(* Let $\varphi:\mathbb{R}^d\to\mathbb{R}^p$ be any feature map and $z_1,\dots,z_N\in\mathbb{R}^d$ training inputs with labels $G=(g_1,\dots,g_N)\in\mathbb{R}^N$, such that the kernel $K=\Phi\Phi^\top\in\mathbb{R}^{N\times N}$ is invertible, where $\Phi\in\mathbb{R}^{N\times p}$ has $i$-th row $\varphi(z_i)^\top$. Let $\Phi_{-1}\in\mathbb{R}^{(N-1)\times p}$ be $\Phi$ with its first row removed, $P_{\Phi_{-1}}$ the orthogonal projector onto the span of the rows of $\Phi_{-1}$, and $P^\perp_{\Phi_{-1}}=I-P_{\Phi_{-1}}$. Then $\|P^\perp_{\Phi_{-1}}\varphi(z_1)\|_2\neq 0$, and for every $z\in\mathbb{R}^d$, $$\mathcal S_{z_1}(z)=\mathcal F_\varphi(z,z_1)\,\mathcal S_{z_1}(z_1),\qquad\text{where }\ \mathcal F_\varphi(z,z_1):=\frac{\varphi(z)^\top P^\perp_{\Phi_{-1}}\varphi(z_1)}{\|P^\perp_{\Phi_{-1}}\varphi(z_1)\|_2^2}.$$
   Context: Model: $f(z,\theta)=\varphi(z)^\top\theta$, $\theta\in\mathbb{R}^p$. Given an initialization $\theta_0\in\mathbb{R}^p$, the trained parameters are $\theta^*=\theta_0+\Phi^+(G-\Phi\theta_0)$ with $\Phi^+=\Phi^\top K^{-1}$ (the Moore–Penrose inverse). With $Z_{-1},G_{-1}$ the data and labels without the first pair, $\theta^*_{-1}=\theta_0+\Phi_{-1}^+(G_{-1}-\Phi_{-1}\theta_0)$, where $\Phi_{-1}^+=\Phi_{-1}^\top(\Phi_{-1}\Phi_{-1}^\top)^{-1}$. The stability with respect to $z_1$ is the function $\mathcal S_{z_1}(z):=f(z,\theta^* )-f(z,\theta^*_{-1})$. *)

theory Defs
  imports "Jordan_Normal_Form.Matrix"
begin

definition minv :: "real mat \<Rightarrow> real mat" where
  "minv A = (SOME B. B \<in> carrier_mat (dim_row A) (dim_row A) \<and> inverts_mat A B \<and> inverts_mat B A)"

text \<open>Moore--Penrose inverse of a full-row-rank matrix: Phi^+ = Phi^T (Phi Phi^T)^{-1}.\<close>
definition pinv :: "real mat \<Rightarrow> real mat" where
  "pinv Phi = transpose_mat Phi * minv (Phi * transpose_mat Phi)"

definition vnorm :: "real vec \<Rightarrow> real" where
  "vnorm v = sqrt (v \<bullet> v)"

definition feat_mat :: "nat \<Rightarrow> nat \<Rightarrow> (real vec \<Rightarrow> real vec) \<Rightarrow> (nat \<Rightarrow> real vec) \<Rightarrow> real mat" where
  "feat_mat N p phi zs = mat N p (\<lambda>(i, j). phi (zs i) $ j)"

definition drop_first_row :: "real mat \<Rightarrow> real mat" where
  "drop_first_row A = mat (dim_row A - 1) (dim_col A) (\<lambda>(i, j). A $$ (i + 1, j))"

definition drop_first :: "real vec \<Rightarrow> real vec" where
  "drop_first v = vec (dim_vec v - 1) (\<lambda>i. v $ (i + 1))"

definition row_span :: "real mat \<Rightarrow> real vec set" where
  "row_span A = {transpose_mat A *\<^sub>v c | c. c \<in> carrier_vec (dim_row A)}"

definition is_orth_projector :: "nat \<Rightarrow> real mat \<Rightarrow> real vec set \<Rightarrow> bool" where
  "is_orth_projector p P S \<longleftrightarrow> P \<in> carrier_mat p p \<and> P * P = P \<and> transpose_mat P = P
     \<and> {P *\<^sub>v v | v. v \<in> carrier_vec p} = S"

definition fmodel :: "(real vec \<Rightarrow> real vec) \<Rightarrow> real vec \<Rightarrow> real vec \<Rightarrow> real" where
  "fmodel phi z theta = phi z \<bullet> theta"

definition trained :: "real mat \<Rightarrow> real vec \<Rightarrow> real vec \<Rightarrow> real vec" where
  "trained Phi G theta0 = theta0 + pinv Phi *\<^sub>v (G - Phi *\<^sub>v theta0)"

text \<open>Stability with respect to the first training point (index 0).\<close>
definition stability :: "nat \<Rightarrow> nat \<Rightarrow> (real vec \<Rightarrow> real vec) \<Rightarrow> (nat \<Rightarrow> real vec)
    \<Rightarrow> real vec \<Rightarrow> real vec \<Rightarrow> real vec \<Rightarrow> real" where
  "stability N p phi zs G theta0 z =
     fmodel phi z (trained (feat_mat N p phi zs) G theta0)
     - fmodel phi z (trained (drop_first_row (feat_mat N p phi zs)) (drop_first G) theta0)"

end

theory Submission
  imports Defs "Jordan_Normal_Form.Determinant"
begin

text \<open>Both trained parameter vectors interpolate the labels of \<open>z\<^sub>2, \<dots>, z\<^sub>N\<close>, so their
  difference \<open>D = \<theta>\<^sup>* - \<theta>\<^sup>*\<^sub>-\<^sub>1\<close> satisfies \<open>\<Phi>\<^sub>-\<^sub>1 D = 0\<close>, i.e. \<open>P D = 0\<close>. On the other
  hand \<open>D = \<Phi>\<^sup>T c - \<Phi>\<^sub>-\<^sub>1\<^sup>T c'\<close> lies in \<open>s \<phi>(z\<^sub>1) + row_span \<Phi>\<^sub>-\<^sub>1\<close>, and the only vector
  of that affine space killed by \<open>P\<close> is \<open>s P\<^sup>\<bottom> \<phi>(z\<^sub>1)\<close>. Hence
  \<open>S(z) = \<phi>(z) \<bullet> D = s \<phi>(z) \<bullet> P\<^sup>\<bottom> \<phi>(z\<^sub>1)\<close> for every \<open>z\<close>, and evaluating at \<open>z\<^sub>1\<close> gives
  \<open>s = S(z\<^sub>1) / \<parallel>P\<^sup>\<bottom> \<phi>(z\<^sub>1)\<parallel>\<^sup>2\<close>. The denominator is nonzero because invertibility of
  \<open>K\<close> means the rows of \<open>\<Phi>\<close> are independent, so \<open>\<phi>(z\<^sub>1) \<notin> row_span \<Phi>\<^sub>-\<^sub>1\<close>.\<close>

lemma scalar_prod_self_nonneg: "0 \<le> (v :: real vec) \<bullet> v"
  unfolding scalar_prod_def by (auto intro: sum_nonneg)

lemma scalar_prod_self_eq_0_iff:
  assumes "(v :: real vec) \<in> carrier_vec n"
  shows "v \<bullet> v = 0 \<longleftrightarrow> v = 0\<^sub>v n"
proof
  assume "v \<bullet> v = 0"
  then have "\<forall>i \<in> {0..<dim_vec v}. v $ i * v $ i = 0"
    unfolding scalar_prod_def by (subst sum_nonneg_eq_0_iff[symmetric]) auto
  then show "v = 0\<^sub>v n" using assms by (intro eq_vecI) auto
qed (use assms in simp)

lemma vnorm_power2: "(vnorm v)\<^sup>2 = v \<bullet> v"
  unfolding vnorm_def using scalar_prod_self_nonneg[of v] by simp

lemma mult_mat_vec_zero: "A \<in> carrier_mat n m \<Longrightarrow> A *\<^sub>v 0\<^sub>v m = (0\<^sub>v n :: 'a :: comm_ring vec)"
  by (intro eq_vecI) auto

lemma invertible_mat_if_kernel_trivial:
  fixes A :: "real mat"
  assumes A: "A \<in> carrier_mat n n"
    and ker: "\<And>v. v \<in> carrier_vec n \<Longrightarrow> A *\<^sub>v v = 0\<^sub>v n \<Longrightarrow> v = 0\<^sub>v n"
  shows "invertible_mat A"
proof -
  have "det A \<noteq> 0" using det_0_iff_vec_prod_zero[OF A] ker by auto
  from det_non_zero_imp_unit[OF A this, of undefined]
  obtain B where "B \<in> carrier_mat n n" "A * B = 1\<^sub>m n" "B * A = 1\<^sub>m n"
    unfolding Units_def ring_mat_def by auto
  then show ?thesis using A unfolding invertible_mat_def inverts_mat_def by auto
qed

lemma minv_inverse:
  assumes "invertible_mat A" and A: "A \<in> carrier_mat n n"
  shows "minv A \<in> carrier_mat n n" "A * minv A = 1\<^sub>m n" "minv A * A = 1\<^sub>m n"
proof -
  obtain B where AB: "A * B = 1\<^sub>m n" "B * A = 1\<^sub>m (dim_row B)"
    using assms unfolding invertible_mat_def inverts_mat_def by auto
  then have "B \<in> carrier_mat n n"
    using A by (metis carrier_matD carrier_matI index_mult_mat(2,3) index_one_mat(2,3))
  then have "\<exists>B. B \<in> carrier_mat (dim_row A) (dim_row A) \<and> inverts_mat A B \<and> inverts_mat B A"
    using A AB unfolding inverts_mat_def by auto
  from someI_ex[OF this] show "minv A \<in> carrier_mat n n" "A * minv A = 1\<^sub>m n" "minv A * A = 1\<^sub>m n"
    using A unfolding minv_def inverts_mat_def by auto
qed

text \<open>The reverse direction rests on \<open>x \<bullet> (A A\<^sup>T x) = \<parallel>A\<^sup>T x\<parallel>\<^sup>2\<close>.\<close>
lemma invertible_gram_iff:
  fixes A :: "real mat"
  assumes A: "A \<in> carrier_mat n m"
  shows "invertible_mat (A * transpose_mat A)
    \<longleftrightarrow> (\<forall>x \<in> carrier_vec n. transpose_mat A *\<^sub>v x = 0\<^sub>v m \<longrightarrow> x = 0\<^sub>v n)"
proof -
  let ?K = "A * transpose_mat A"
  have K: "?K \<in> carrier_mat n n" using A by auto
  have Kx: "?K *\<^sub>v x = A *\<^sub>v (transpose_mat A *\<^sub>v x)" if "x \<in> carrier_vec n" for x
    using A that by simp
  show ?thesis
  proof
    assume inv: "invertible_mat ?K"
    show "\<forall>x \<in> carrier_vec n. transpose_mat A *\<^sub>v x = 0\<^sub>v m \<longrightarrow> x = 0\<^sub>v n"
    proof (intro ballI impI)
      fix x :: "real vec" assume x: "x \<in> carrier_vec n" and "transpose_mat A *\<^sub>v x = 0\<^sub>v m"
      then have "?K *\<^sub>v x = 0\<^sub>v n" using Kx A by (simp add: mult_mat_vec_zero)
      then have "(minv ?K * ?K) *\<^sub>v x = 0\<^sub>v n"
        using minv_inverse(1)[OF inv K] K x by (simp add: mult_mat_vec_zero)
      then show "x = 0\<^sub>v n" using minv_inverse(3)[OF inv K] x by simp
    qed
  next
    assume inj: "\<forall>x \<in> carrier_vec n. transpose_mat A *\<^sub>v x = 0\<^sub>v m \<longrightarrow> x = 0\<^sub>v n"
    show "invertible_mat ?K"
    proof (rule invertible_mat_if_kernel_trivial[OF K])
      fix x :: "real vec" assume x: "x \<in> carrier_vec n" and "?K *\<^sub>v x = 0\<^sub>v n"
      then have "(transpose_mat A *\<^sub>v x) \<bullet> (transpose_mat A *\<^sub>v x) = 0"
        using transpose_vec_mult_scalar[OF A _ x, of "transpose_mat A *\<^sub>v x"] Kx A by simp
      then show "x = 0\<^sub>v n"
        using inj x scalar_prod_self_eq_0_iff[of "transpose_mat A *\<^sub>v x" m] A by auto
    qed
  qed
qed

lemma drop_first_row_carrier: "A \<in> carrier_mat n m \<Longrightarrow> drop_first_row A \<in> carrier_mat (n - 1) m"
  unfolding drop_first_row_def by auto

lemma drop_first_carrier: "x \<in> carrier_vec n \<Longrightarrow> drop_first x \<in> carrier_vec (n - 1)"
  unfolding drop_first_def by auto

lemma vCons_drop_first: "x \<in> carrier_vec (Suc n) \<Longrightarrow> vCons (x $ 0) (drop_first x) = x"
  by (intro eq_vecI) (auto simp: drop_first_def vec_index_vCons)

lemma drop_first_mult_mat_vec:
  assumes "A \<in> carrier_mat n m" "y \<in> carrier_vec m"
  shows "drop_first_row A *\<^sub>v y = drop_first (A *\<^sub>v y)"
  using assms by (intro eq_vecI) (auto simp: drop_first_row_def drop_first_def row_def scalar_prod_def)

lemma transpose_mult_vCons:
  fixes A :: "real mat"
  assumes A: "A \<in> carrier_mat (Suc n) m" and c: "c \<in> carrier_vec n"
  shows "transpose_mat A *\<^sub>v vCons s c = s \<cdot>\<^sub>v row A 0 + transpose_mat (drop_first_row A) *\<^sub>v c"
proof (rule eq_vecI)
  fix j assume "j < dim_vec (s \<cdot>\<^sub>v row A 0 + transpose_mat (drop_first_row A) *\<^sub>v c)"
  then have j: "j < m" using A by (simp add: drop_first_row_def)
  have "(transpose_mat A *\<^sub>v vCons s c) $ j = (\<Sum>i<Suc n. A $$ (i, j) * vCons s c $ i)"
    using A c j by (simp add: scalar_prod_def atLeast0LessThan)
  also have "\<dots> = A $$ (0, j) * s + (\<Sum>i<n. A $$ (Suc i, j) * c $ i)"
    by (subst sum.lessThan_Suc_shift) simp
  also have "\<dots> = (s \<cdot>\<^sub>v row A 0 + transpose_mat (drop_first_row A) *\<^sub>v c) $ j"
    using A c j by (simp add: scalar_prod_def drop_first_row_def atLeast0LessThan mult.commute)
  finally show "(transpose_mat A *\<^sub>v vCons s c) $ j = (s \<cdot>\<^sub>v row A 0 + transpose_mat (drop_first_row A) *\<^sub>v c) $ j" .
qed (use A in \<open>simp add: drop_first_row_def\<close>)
------------------------------------------------------------
● **TASK REQUIREMENTS**
In the entries above, find the line holding "using transpose_vec_mult_scalar[OF A" and the line holding "by (subst sum.lessThan_Suc_shift) simp", then retype exactly those two lines and every line between them, and nothing else.

● **RESPONSE**
        using transpose_vec_mult_scalar[OF A _ x, of "transpose_mat A *\<^sub>v x"] Kx A by simp
      then show "x = 0\<^sub>v n"
        using inj x scalar_prod_self_eq_0_iff[of "transpose_mat A *\<^sub>v x" m] A by auto
    qed
  qed
qed

lemma drop_first_row_carrier: "A \<in> carrier_mat n m \<Longrightarrow> drop_first_row A \<in> carrier_mat (n - 1) m"
  unfolding drop_first_row_def by auto

lemma drop_first_carrier: "x \<in> carrier_vec n \<Longrightarrow> drop_first x \<in> carrier_vec (n - 1)"
  unfolding drop_first_def by auto

lemma vCons_drop_first: "x \<in> carrier_vec (Suc n) \<Longrightarrow> vCons (x $ 0) (drop_first x) = x"
  by (intro eq_vecI) (auto simp: drop_first_def vec_index_vCons)

lemma drop_first_mult_mat_vec:
  assumes "A \<in> carrier_mat n m" "y \<in> carrier_vec m"
  shows "drop_first_row A *\<^sub>v y = drop_first (A *\<^sub>v y)"
  using assms by (intro eq_vecI) (auto simp: drop_first_row_def drop_first_def row_def scalar_prod_def)

lemma transpose_mult_vCons:
  fixes A :: "real mat"
  assumes A: "A \<in> carrier_mat (Suc n) m" and c: "c \<in> carrier_vec n"
  shows "transpose_mat A *\<^sub>v vCons s c = s \<cdot>\<^sub>v row A 0 + transpose_mat (drop_first_row A) *\<^sub>v c"
proof (rule eq_vecI)
  fix j assume "j < dim_vec (s \<cdot>\<^sub>v row A 0 + transpose_mat (drop_first_row A) *\<^sub>v c)"
  then have j: "j < m" using A by (simp add: drop_first_row_def)
  have "(transpose_mat A *\<^sub>v vCons s c) $ j = (\<Sum>i<Suc n. A $$ (i, j) * vCons s c $ i)"
    using A c j by (simp add: scalar_prod_def atLeast0LessThan)
  also have "\<dots> = A $$ (0, j) * s + (\<Sum>i<n. A $$ (Suc i, j) * c $ i)"
    by (subst sum.lessThan_Suc_shift) simp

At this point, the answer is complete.